OCZ SSD 32GB Solid State Hard Disk
WinAVI, PeaZip & Dummy File Results
WinAVI Video Conversion
The transcoding of video files between different formats for use on devices such as portable media players or burning to DVD is becoming increasingly common in todays digital world. While the method of conversion is largely CPU intensive, it requires a fast hard disk to keep up with the stream of data. For this stage of the testing we used a 600mb Xvid encoded AVI file placed on each of the hard disks and then used WinAVI to transcode the file into DVD format. The time taken was recorded with a stop watch.

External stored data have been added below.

(* Consider a bipartite instance of Stochastic Matching, and let $x$ be an optimal solution of (LP-BIP), with optimal value $LP_{bip}$. Fix $\delta\in(0,1)$ and define $\gamma\in[0,1]$ by $\gamma\, LP_{bip}=\sum_{e:\,p_e\ge\delta}w_ep_ex_e$. Run algorithm ALG$_1$ on this instance. Then its expected matching weight is at least $\bigl(\tfrac13\gamma+g(\delta)(1-\gamma)\bigr)LP_{bip}$.
   Context: Stochastic Matching instance: a graph $G=(V,E)$, edge probabilities $p_e\in(0,1]$, edge weights $w_e\ge0$, and vertex timeouts $t_v\in\mathbb{Z}_{>0}$. Edges are probed adaptively, each at most once. A probed edge exists independently with probability $p_e$ and is then irrevocably added to the matching. Only edges with both endpoints unmatched may be probed, and at most $t_v$ edges incident to $v$ may be probed. (LP-BIP) is the linear program: maximize $\sum_e w_ep_ex_e$ subject to - $\sum_{e\in\delta(v)}p_ex_e\le1$ for all $v$; - $\sum_{e\in\delta(v)}x_e\le t_v$ for all $v$; - $0\le x_e\le1$ for all $e$. Here $\delta(v)$ is the set of edges incident to $v$, and $\delta(e)$ is the set of edges other than $e$ sharing an endpoint with $e$. The function $g$ is $g(p)=\frac{1}{2+p}\bigl(1-\exp(-\frac{2+p}{p}\ln\frac1{1-p})\bigr)$ for $p\in(0,1)$, with $g(1)=\frac13$. ALG$_1$ proceeds as follows: 1. Take an optimal solution $x$ of (LP-BIP). 2. Produce a random edge set $\hat E$ by the dependent rounding of Gandhi et al. (GKPS). Writing $\hat x_e=\mathbf1[e\in\hat E]$, this rounding satisfies: - $\Pr[\hat x_e=1]=x_e$; - $\sum_{e\in\delta(v)}\hat x_e\le\lceil\sum_{e\in\delta(v)}x_e\rceil$ for all $v$; - negative correlation: for every $v$, every $S\subseteq\delta(v)$ and every $b\in\{0,1\}$, $\Pr[\bigwedge_{e\in S}\hat x_e=b]\le\prod_{e\in S}\Pr[\hat x_e=b]$. 3. Independently draw $Y_e$ with $\Pr[Y_e\le y]=\frac{1}{p_e}(1-e^{-p_ey})$ for $y\in[0,\frac1{p_e}\ln\frac1{1-p_e}]$. 4. Consider the edges of $\hat E$ in increasing order of $Y_e$, and probe $e$ if no edge of $\delta(e)\cap\hat E$ has already been added to the matching. *)

theory Defs
  imports "HOL-Probability.Probability"
begin

text \<open>Bipartite instance: left vertices of type 'a, right vertices of type 'b,
  an edge is a pair (u,v) with u on the left and v on the right.\<close>

definition deltaL :: "('a \<times> 'b) set \<Rightarrow> 'a \<Rightarrow> ('a \<times> 'b) set" where
  "deltaL E u = {e \<in> E. fst e = u}"

definition deltaR :: "('a \<times> 'b) set \<Rightarrow> 'b \<Rightarrow> ('a \<times> 'b) set" where
  "deltaR E v = {e \<in> E. snd e = v}"

definition adj :: "('a \<times> 'b) \<Rightarrow> ('a \<times> 'b) \<Rightarrow> bool" where
  "adj e f = (e \<noteq> f \<and> (fst e = fst f \<or> snd e = snd f))"

definition lp_feasible ::
  "('a \<times> 'b) set \<Rightarrow> ('a \<times> 'b \<Rightarrow> real) \<Rightarrow> ('a \<Rightarrow> nat) \<Rightarrow> ('b \<Rightarrow> nat) \<Rightarrow> ('a \<times> 'b \<Rightarrow> real) \<Rightarrow> bool" where
  "lp_feasible E p tL tR x =
     ((\<forall>u. (\<Sum>e\<in>deltaL E u. p e * x e) \<le> 1) \<and>
      (\<forall>v. (\<Sum>e\<in>deltaR E v. p e * x e) \<le> 1) \<and>
      (\<forall>u. (\<Sum>e\<in>deltaL E u. x e) \<le> real (tL u)) \<and>
      (\<forall>v. (\<Sum>e\<in>deltaR E v. x e) \<le> real (tR v)) \<and>
      (\<forall>e\<in>E. 0 \<le> x e \<and> x e \<le> 1))"

definition lp_obj :: "('a \<times> 'b) set \<Rightarrow> ('a \<times> 'b \<Rightarrow> real) \<Rightarrow> ('a \<times> 'b \<Rightarrow> real) \<Rightarrow> ('a \<times> 'b \<Rightarrow> real) \<Rightarrow> real" where
  "lp_obj E p w x = (\<Sum>e\<in>E. w e * p e * x e)"

definition lp_optimal ::
  "('a \<times> 'b) set \<Rightarrow> ('a \<times> 'b \<Rightarrow> real) \<Rightarrow> ('a \<times> 'b \<Rightarrow> real) \<Rightarrow> ('a \<Rightarrow> nat) \<Rightarrow> ('b \<Rightarrow> nat) \<Rightarrow> ('a \<times> 'b \<Rightarrow> real) \<Rightarrow> bool" where
  "lp_optimal E p w tL tR x =
     (lp_feasible E p tL tR x \<and>
      (\<forall>x'. lp_feasible E p tL tR x' \<longrightarrow> lp_obj E p w x' \<le> lp_obj E p w x))"
lemma local_infl_step: "local_to v (infl_step n I m u v s)"
  by (rule local_toI) (auto simp: infl_step_Some mk_def infl_lower_def infl_upper_def split: if_splits)

lemma keeps_infl_step:
  assumes u: "u \<in> regs I v" and mono: "mono_in s u v (P v)"
  shows "keeps P (infl_step n I m u v s)"
proof (rule keepsI)
  fix L U assume LP: "L \<le> P" and PU: "P \<le> U"
  have "infl_lower u v s L v \<omega> \<le> P v \<omega>" if "\<omega> \<in> Omega I m v" for \<omega>
  proof -
    let ?i = "nat (int (\<omega> u) - shift s)"
    have "L v (\<omega>(u := ?i)) \<le> P v \<omega>" if "0 \<le> int (\<omega> u) - shift s" "int (\<omega> u) - shift s \<le> int (m u)"
    proof -
      have "L v (\<omega>(u := ?i)) \<le> P v (\<omega>(u := ?i))" using LP by (rule le_funD2)
      also have "\<dots> \<le> P v (\<omega>(u := \<omega> u))"
        using mono \<open>\<omega> \<in> Omega I m v\<close> Omega_le[OF \<open>\<omega> \<in> Omega I m v\<close> u] that
        unfolding mono_in_def by (metis int_nat_eq nat_le_iff diff_add_cancel)
      finally show ?thesis by simp
    qed
    then show ?thesis using le_funD2[OF LP] by (auto simp: infl_lower_def)
  qed
  then have "infl_lower u v s L \<le> P"
    using le_funD2[OF LP] by (intro le_fun2I) (metis infl_lower_def is_coord_def)
  moreover have "P v \<omega> \<le> infl_upper u v s U v \<omega>" if "\<omega> \<in> Omega I m v" for \<omega>
  proof -
    let ?j = "nat (int (\<omega> u) + shift s)"
    have "P v \<omega> \<le> U v (\<omega>(u := ?j))" if "0 \<le> int (\<omega> u) + shift s" "int (\<omega> u) + shift s \<le> int (m u)"
    proof -
      have "P v (\<omega>(u := \<omega> u)) \<le> P v (\<omega>(u := ?j))"
        using mono \<open>\<omega> \<in> Omega I m v\<close> Omega_le[OF \<open>\<omega> \<in> Omega I m v\<close> u] that
        unfolding mono_in_def by (metis int_nat_eq nat_le_iff)
      also have "\<dots> \<le> U v (\<omega>(u := ?j))" using PU by (rule le_funD2)
      finally show ?thesis by simp
    qed
    then show ?thesis using le_funD2[OF PU] by (auto simp: infl_upper_def)
  qed
  then have "P \<le> infl_upper u v s U"
    using le_funD2[OF PU] by (intro le_fun2I) (metis infl_upper_def is_coord_def)
  ultimately show "lat_mem P (infl_step n I m u v s (Some (L, U)))"
    by (simp add: infl_step_Some lat_mem_mk)
qed

lemma infl_step_fixed_mono:
  assumes u: "u \<in> regs I v" and fixed: "infl_step n I m u v s (Some (L, U)) = Some (L, U)"
  shows "mono_in s u v (L v)" "mono_in s u v (U v)"
proof -
  have eqs: "infl_lower u v s L = L" "infl_upper u v s U = U"
    using fixed by (auto simp: infl_step_Some mk_def split: if_splits)
  have coord: "is_coord n I m v (\<omega>(u := k))" if "\<omega> \<in> Omega I m v" "k \<le> m u" for \<omega> k
    using Omega_upd[OF that(1) u that(2)] node_of_regulator[OF u] by (simp add: is_coord_def)
  show "mono_in s u v (L v)" unfolding mono_in_def
  proof (intro ballI allI impI)
    fix \<omega> i j assume "\<omega> \<in> Omega I m v" "i \<le> m u" "j \<le> m u" "int j = int i + shift s"
    then show "L v (\<omega>(u := i)) \<le> L v (\<omega>(u := j))"
      using fun_cong[OF fun_cong[OF eqs(1), of v], of "\<omega>(u := j)"] coord[of \<omega> j]
      by (simp add: infl_lower_def split: if_splits)
  qed
  show "mono_in s u v (U v)" unfolding mono_in_def
  proof (intro ballI allI impI)
    fix \<omega> i j assume "\<omega> \<in> Omega I m v" "i \<le> m u" "j \<le> m u" "int j = int i + shift s"
    moreover have "nat (int i + shift s) = j" using calculation(4) by simp
    ultimately show "U v (\<omega>(u := i)) \<le> U v (\<omega>(u := j))"
      using fun_cong[OF fun_cong[OF eqs(2), of v], of "\<omega>(u := i)"] coord[of \<omega> i]
      by (simp add: infl_upper_def split: if_splits)
  qed
qed

lemma constr_regulator: "(u, v, c) \<in> set R \<Longrightarrow> u \<in> regs I v"
  using wf_R by (auto simp: wellformed_def)

definition infl_sign :: "nat \<Rightarrow> nat \<Rightarrow> int" where
  "infl_sign v u = (if (u, v, SPlus) \<in> set R then 1 else if (u, v, SMinus) \<in> set R then -1 else 0)"

lemma infl_sign_constr: "(u, v, s) \<in> set R \<Longrightarrow> s \<noteq> SObs \<Longrightarrow> infl_sign v u = shift s"
  using wf_R by (cases s) (auto simp: infl_sign_def shift_def wellformed_def)

lemma infl_sign_nonzero:
  assumes "infl_sign v u \<noteq> 0"
  obtains s where "(u, v, s) \<in> set R" "s \<noteq> SObs" "infl_sign v u = shift s"
  using assms infl_sign_constr by (auto simp: infl_sign_def split: if_splits)

lemma shift_square: "s \<noteq> SObs \<Longrightarrow> shift s * shift s = 1"
  by (cases s) (simp_all add: shift_def)

lemma prec_iff: "prec I R v a b \<longleftrightarrow> (\<forall>u\<in>regs I v.
    infl_sign v u * int (a u) \<le> infl_sign v u * int (b u) \<and> (infl_sign v u = 0 \<longrightarrow> a u = b u))"
  using wf_R by (auto simp: prec_def infl_sign_def wellformed_def)

lemma prec_refl: "prec I R v a a"
  by (simp add: prec_iff)

lemma prec_trans: "prec I R v a b \<Longrightarrow> prec I R v b c \<Longrightarrow> prec I R v a c"
  unfolding prec_iff by (metis order.trans)

text \<open>The potential strictly increases along the order on regulator states; it provides
  extremal elements of finite sets.\<close>

definition pot :: "nat \<Rightarrow> (nat \<Rightarrow> nat) \<Rightarrow> int" where
  "pot v \<omega> = (\<Sum>u\<in>regs I v. infl_sign v u * int (\<omega> u))"

lemma pot_mono: "prec I R v a b \<Longrightarrow> pot v a \<le> pot v b"
  unfolding pot_def prec_iff by (rule sum_mono) blast

lemma prec_pot_eq:
  assumes "a \<in> Omega I m v" "b \<in> Omega I m v" "prec I R v a b" "pot v a = pot v b"
  shows "a = b"
proof (rule Omega_eqI[OF assms(1,2)])
  fix u assume u: "u \<in> regs I v"
  have "(\<Sum>u\<in>regs I v. infl_sign v u * int (b u) - infl_sign v u * int (a u)) = 0"
    using assms(4) by (simp add: pot_def sum_subtractf)
  moreover have "\<forall>u\<in>regs I v. 0 \<le> infl_sign v u * int (b u) - infl_sign v u * int (a u)"
    using assms(3) by (simp add: prec_iff)
  ultimately have "infl_sign v u * int (b u) = infl_sign v u * int (a u)"
    using u by (simp add: sum_nonneg_eq_0_iff[OF finite_regs])
  then show "a u = b u" using assms(3) u by (auto simp: prec_iff)
qed

lemma pot_upd:
  assumes "u \<in> regs I v"
  shows "pot v (\<omega>(u := j)) = pot v \<omega> + infl_sign v u * (int j - int (\<omega> u))"
proof -
  have "pot v (\<omega>(u := j)) - pot v \<omega>
      = (\<Sum>w\<in>regs I v. infl_sign v w * (int ((\<omega>(u := j)) w) - int (\<omega> w)))"
    by (simp add: pot_def sum_subtractf algebra_simps)
  also have "\<dots> = infl_sign v u * (int j - int (\<omega> u))"
    using assms by (subst sum.remove[OF finite_regs assms]) (auto intro: sum.neutral)
  finally show ?thesis by simp
qed

definition sign_mono :: "nat \<Rightarrow> ((nat \<Rightarrow> nat) \<Rightarrow> nat) \<Rightarrow> bool" where
  "sign_mono v f \<longleftrightarrow> (\<forall>u s. (u, v, s) \<in> set R \<longrightarrow> s \<noteq> SObs \<longrightarrow> mono_in s u v f)"


lemma prec_step:
  assumes a: "a \<in> Omega I m v" and b: "b \<in> Omega I m v" and ab: "prec I R v a b" "a \<noteq> b"
  obtains u s j where "(u, v, s) \<in> set R" "s \<noteq> SObs" "a u \<le> m u" "j \<le> m u"
    "int j = int (a u) + shift s" "prec I R v (a(u := j)) b" "pot v (a(u := j)) = pot v a + 1"
proof -
  obtain u where u: "u \<in> regs I v" "a u \<noteq> b u" using Omega_eqI[OF a b] ab(2) by blast
  then have "infl_sign v u \<noteq> 0" using ab(1) by (auto simp: prec_iff)
  then obtain s where s: "(u, v, s) \<in> set R" "s \<noteq> SObs" "infl_sign v u = shift s"
    by (rule infl_sign_nonzero)
  have "shift s * int (a u) \<le> shift s * int (b u)" using ab(1) u(1) s(3) by (auto simp: prec_iff)
  then have "0 \<le> int (a u) + shift s \<and> shift s * (int (a u) + shift s) \<le> shift s * int (b u)
      \<and> int (a u) + shift s \<le> max (int (a u)) (int (b u))"
    using u(2) s(2) by (cases s) (auto simp: shift_def)
  then have close: "0 \<le> int (a u) + shift s" "shift s * (int (a u) + shift s) \<le> shift s * int (b u)"
    "int (a u) + shift s \<le> max (int (a u)) (int (b u))"
    by auto
  define j where "j = nat (int (a u) + shift s)"
  have bm: "b u \<le> m u" "a u \<le> m u" using Omega_le[OF b u(1)] Omega_le[OF a u(1)] .
  have j: "int j = int (a u) + shift s" "j \<le> m u" using close(1,3) bm by (auto simp: j_def)
  have "prec I R v (a(u := j)) b"
    unfolding prec_iff
  proof
    fix w assume "w \<in> regs I v"
    show "infl_sign v w * int ((a(u := j)) w) \<le> infl_sign v w * int (b w)
        \<and> (infl_sign v w = 0 \<longrightarrow> (a(u := j)) w = b w)"
    proof (cases "w = u")
      case True
      then show ?thesis using close(2) s(2,3) j(1) by (simp add: shift_def split: sgn.splits)
    next
      case False
      then show ?thesis using ab(1) \<open>w \<in> regs I v\<close> by (simp add: prec_iff)
    qed
  qed
  moreover have "pot v (a(u := j)) = pot v a + 1"
    using pot_upd[OF u(1)] s(3) shift_square[OF s(2)] j(1) by simp
  ultimately show ?thesis by (rule that[OF s(1,2) bm(2) j(2,1)])
qed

Both the OCZ SSD and the Velociraptor made light work of the XVID to DVD conversion with a negligble 2 second difference between them. The RaptorX showed that it couldn't quite keep up the pace of it's 2.5" counterparts, finishing up in last place with an 8 second gap.
Peazip File Compression
File compression is yet another area where the system is just as reliant on the performance of the CPU as it is on the hard drive. To simulate the compression of various types of files, a folder containing a collection of 200 text documents filled with random contents and file sizes varying from 1KB to 100MB was copied to each of the hard disks. This folder was then compressed and decompressed using a utility called Peazip
which provided us with an accurate "time taken" reading.
With identical results being scored from all thread of the drives on test, this could well be an indication that the compression process was bottlenecked more by the performance of the CPU than it was by the hard disks. However, when it comes round to decompression we can see that the Velociraptor decompressed the file in 6 seconds flat, while the OCZ SSD took a further 4.5 seconds. This somewhat mirrors the less than impressive write results seen over on the previous page.
Dummy File Creation
When performing manual "file copy" benchmarks, the performance of the drive that the files are being copied from
can directly and negatively affect the results of the drive they are being copied to
. This is something that needs to be taken into consideration when benchmarking high performance hard disks such as the OCZ SSD as it's performance easily excees that of a standard hard disk. Therefore, to test the write performance of each storage device a freeware utility called Dummy File Creator
was used to generate files directly to each of the hard disks removing the possibility of any bottlenecks.
The results below show how long each of the drives took to write 20GB of files with sizes ranging from 1MB to 1GB.
Once again we can see just how good the write performance of the WD Velociraptor is, with the full 20GB being written to the disk in almost 1/2 the time of the OCZ SSD. Even the RaptorX makes a complete joke of the SSD, completing the transfer 2 1/2 minutes faster.